The camera is made of titanium and mahogany, the latter of which is finished with a dark stain and what looks like a penetrating oil finish, which should be quite easy to keep looking good. It has all of the standard movements except front shift, rear shift or rear rise. Personally, I don't miss these movements in a field camera, and their elimination helps keep weight down and rigidity up. I especially like the large (approximately 4.5 inch) square titanium plate on the bottom of the camera, which has the tripod socket centered in the middle. This thoughtful addition should prevent the bottom of the camera getting damaged when attaching it to a tripod or quick release plate. The camera uses technika style boards, and it comes with an abs ground glass protector. The ground glass system includes a plastic ground glass with built in fresnel and a clear glass protector plate. The camera has solid detents for tilt on the front and rear standards. The maximum extension I measured with the standards in their normal upright position is 325mm. Tilting the front standard forward increases the extension to 370mm, and tilting the back brings the camera up to its maximum of 400mm of extension. My sample weighed in at a light 4 lbs. 3.6 oz.

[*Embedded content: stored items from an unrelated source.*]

lemma Re_sesq_blockP_state_le:
  assumes A: "\<forall>k<K. \<delta> k \<in> states (b k)" and d: "d = off a b K" and X: "X \<in> states d"
  shows "Re (sesq d (entries (blockP K a b \<delta> X)) u u)
    \<le> (\<Sum>k<K. \<Sum>x<a k. Re (sesq (b k) (entries (\<delta> k)) (slice a b u k x) (slice a b u k x)))"
proof -
  note DF = block_states_props[OF A]
  let ?\<tau> = "\<lambda>k. block_ptrace a b k (entries X)"
  let ?G = "\<lambda>k x y. sesq (b k) (entries (\<delta> k)) (slice a b u k x) (slice a b u k y)"
  have Xp: "psd_kernel d (entries X)" using X unfolding states_def by (auto intro: psd_kernel_of_psd)
  have "Re (sesq d (entries (blockP K a b \<delta> X)) u u) = (\<Sum>k<K. Re (\<Sum>x<a k. \<Sum>y<a k. ?\<tau> k x y * ?G k x y))"
    unfolding d sesq_blockP[OF DF(1)] Re_sum[of _ "{..<K}"] ..
  also have "\<dots> \<le> (\<Sum>k<K. \<Sum>x<a k. Re (?G k x x))"
  proof (rule sum_mono)
    fix k assume "k \<in> {..<K}"
    hence k: "k < K" by simp
    have dp: "psd_kernel (b k) (entries (\<delta> k))" using DF(5) k by blast
    have G0: "0 \<le> Re (?G k x x)" for x by (rule psd_kernel_sesq_nonneg[OF dp])
    have "Re (\<Sum>x<a k. \<Sum>y<a k. ?\<tau> k x y * ?G k x y) \<le> (\<Sum>x<a k. Re (?\<tau> k x x)) * (\<Sum>x<a k. Re (?G k x x))"
      by (rule psd_kernel_pairing_le[OF psd_kernel_block_ptrace[OF Xp k d]])
         (auto intro: psd_kernel_cauchy_schwarz_sqrt[OF dp] G0)
    also have "\<dots> \<le> 1 * (\<Sum>x<a k. Re (?G k x x))"
      by (rule mult_right_mono[OF block_ptrace_trace_le_one[OF d X k]]) (auto intro: sum_nonneg G0)
    finally show "Re (\<Sum>x<a k. \<Sum>y<a k. ?\<tau> k x y * ?G k x y) \<le> (\<Sum>x<a k. Re (?G k x x))" by simp
  qed
  finally show ?thesis .
qed

lemma block_ptrace_diag_mat: assumes "k < K" "x < a k" "y < a k"
  shows "block_ptrace a b k (entries (diag_mat (off a b K) z)) x y
     = (if x = y then complex_of_real (\<Sum>l<b k. z (off a b k + x * b k + l)) else 0)"
proof (cases "x = y")
  case True
  thus ?thesis unfolding block_ptrace_def entries_def diag_mat_def using off_index_less(2)[where K=K and a=a and b=b, OF assms(1,2)] by simp
next
  case False
  have "off a b k + x * b k + l \<noteq> off a b k + y * b k + l" if "l < b k" for l
    using False that by simp
  thus ?thesis unfolding block_ptrace_def entries_def diag_mat_def using off_index_less(2)[where K=K and a=a and b=b, OF assms(1,2)] off_index_less(2)[where K=K and a=a and b=b, OF assms(1,3)] False
    by simp
qed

In the field the camera was very easy to use. The controls work smoothly, and all the movements lock down very well. The titanium hardware exudes quality, and the knobs have a very nice knurl. I especially liked the large size of the right side focusing knobs, as they were very easy to use with gloves. All of the movements of the camera (except extension) have metal to metal surfaces, with the occasional nylon washer thrown in. Thus the camera ought to `wear' very well and also take humidity changes in stride. All of the controls fall easily to hand, except the rear swing knobs, which are a little harder (but not that hard) to get at. The lens boards are held tightly in place by a single slider mechanism, and the camera back is held in place by two sliders. Thus, changing lens boards and back orientation can be accomplished very quickly.
The camera I used had Ebony's `universal' bellows, which has a bag bellows like section at the front and regular pleats in back. With this bellows I was able to use both my Fuji 300c as well as my 90mm without losing any movement extension. I'm not sure, though, how well lenses shorter than 90mm would work, as there's a limit to how far the pleated part of the bellows will compress.
Despite it's light weight, the camera is quite rigid. The Ebony is significantly more rigid than a Zone VI Ultra Light Weight camera that I got to play with recently, and, unlike the Zone VI, the Ebony's rigidity stays very constant over it's whole range. When moderate pressure was applied to the top of the back, I could get a little movement. This was due to the rivet joints at the base of the rear standard. This `looseness' was very minimal, and, since the front rivet joints did not show any signs of this, I expect that the two back joints came loose through use on my demo camera. I expect that Ebony could tighten this up. Even with this minor peccadillo, the Ebony is the most rigid wooden field camera that I've used, and this includes a Wisner 8x10, Agfa 5x7 and a number of others.
At first I was worried that the camera's lack of bubble levels would make it hard to level the camera. This was not the case, though, since the ground glass has a clear (as opposed to black line) grid on it. This made avoiding the convergence of verticals a simple matter. I also liked the evenness and brightness of the ground glass. It's very similar to the Linhof Super Screen that I use in my Sinar. Just for fun, compared how the Ebony screen handled a 110mm f18 protar to a standard Sinar ground glass. While focusing and framing was very difficult with the standard screen, the view on the Ebony screen was even and plenty bright. This was the case for every lens between 110 and 350 mm that I tried. With my 90, focusing was fine, but the screen became less evenly illuminated, but in any case it was still better than the standard Sinar glass. Plus, it's very unlikely that one would ever break the ground glass in the field (it's being plastic). Sure, you might crack the protective ground glass, but this is simply clear glass that you can have cut for you by any glass shop for a few bucks. This is in marked contrast to the cost of replacing a Sinar glass screen!
All in all the Ebony is the nicest wooden view camera that I've used. While some cameras are lighter (the Toho 45X), the Ebony is easier to use, since is more straightforward changing lens and back orientation. It's is also significantly more rigid than 4x5's like the Tachihara. Other field cameras, such as Wisner and Zone VI models, have more extension, but either they are either heavier (Wisner) or are less rigid (Zone VI). If you'd like a wooden field camera, and you use lenses between 90 and 300mm, I highly recommend the Ebony RW45.